L’avocate spécialiste du droit du numérique Christiane Féral-Schuhl, ancienne bâtonnière de Paris et présidente du Conseil National des Barreaux, revient ici sur les importantes évolutions juridiques vécues par le secteur du numérique en 2023.

Christiane Féral-Schuhl est avocate associée du cabinet Féral, ancienne présidente du CNB. - © Lika Banshoya
Christiane Féral-Schuhl est avocate associée du cabinet Féral, ancienne présidente du CNB. - © Lika Banshoya

Les problématiques juridiques liées à la société de l’information sont plus que jamais au cœur de l’actualité juridique comme le démontre les nombreux textes adoptés en matière de cybersécurité, de commerce électronique ou de data au cours de l’année 2023, tant à l’échelle nationale qu’européenne.

Premier sujet : la cybersécurité 

La recrudescence des cyberattaques a conduit le législateur français à intervenir au travers de deux lois.

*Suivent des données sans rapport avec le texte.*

(* Consider the planted clique problem with $\rho\le1/2$. Let $\ell\ge0$ be an integer, $D=2\ell+1$, and $f(Y)=\tau_\ell\Big(\frac{2}{\rho}\Big(\frac{1}{n-1}\sum_{i=2}^nY_{1i}-\frac12\Big)\Big)$. For any $0<r<1$, if $\rho^2\ge\frac{432}{r^2(n-1)}\big[\log4+3D\log(9/\rho)\big]$, then $\mathbb{E}(f(Y)-x)^2\le D^2r^{D-1}$.
   Context: Planted clique problem: $v\in\{0,1\}^n$ has i.i.d. $\mathrm{Bernoulli}(\rho)$ entries, $\rho\in(0,1)$; conditionally on $v$, for each pair $i<j$ independently, $Y_{ij}=1$ if $v_iv_j=1$ and otherwise $Y_{ij}\sim\mathrm{Bernoulli}(1/2)$; $Y_{1i}$ is the entry for pair $\{1,i\}$; target $x=v_1$. $\tau_\ell(y)=(2\ell+1)\binom{2\ell}{\ell}\int_0^yt^\ell(1-t)^\ell\,dt$, a polynomial of degree $2\ell+1$. Logarithms are natural. *)

theory Defs
  imports "HOL-Probability.Probability"
begin

text \<open>Vertices are 1..n; unordered pairs are represented as (i,j) with 1 \<le> i < j \<le> n.\<close>

definition pc_pairs :: "nat \<Rightarrow> (nat \<times> nat) set" where
  "pc_pairs n = {(i, j). 1 \<le> i \<and> i < j \<and> j \<le> n}"

definition pc_v_pmf :: "nat \<Rightarrow> real \<Rightarrow> (nat \<Rightarrow> bool) pmf" where
  "pc_v_pmf n \<rho> = Pi_pmf {1..n} False (\<lambda>_. bernoulli_pmf \<rho>)"

definition pc_Y_pmf :: "nat \<Rightarrow> (nat \<Rightarrow> bool) \<Rightarrow> (nat \<times> nat \<Rightarrow> bool) pmf" where
  "pc_Y_pmf n v = Pi_pmf (pc_pairs n) False
     (\<lambda>(i, j). if v i \<and> v j then return_pmf True else bernoulli_pmf (1/2))"

definition planted_clique :: "nat \<Rightarrow> real \<Rightarrow> ((nat \<Rightarrow> bool) \<times> (nat \<times> nat \<Rightarrow> bool)) pmf" where
  "planted_clique n \<rho> = do { v \<leftarrow> pc_v_pmf n \<rho>; Y \<leftarrow> pc_Y_pmf n v; return_pmf (v, Y) }"

definition tau :: "nat \<Rightarrow> real \<Rightarrow> real" where
  "tau l y = real (2*l+1) * real ((2*l) choose l) *
     (LBINT t=0..y. t ^ l * (1 - t) ^ l)"

definition pc_estimator :: "nat \<Rightarrow> real \<Rightarrow> nat \<Rightarrow> (nat \<times> nat \<Rightarrow> bool) \<Rightarrow> real" where
  "pc_estimator n \<rho> l Y =
     tau l ((2 / \<rho>) * ((1 / (real n - 1)) * (\<Sum>i=2..n. of_bool (Y (1, i))) - 1/2))"

end

theory Submission
  imports Defs
begin

text \<open>
  Write x = v 1 and let W be the centred, rescaled degree of vertex 1, so that the estimator is
  tau_l (x + W). As tau_l fixes 0 and 1 and its derivative vanishes to order l there,
  |tau_l (x + W) - x| <= D 4^l |W|^(l+1) (1 + |W|)^l, and since t^k <= k! theta^(-k) e^(theta t)
  the squared error is at most a constant times e^(theta |W|), where theta = 50 D / r.
  Conditionally on v the edges at vertex 1 are independent Bernoulli variables, so Hoeffding's
  lemma makes W sub-Gaussian: E e^(mu W) <= exp (mu^2 / (2 rho^2 (n - 1))). The sample-size
  hypothesis keeps this exponent below D/2 at mu = +-theta, and the factorials in the constant,
  divided by powers of theta, then leave the bound D^2 r^(2l).
\<close>

definition beta_poly :: "nat \<Rightarrow> real \<Rightarrow> real" where
  "beta_poly l y = (\<Sum>k\<le>l. real (l choose k) * (-1)^k / real (l+k+1) * y^(l+k+1))"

D’une part, la loi n° 2023-703 du 1er août 2023 relative à la programmation militaire pour les années 2024 à 2030 et portant diverses dispositions intéressant la défense (art. 66) met à la charge des éditeurs de logiciel, personne physique ou morale, une obligation de notification à l’ANSSI (Agence nationale de la sécurité des systèmes d’information) et aux utilisateurs en cas de vulnérabilité ou d’incident informatique affectant significativement un produit. Cette déclaration à l’ANSSI doit être accompagnée d’un examen des vulnérabilités et incidents détectés ainsi que des conséquences pouvant en résulter. En cas de manquement à cette obligation, l’ANSSI peut enjoindre aux éditeurs de procéder à cette information et/ou informer les utilisateurs ou rendre publics la vulnérabilité ou l’incident ainsi que son injonction aux éditeurs si celle-ci n’a pas été suivie d’effet.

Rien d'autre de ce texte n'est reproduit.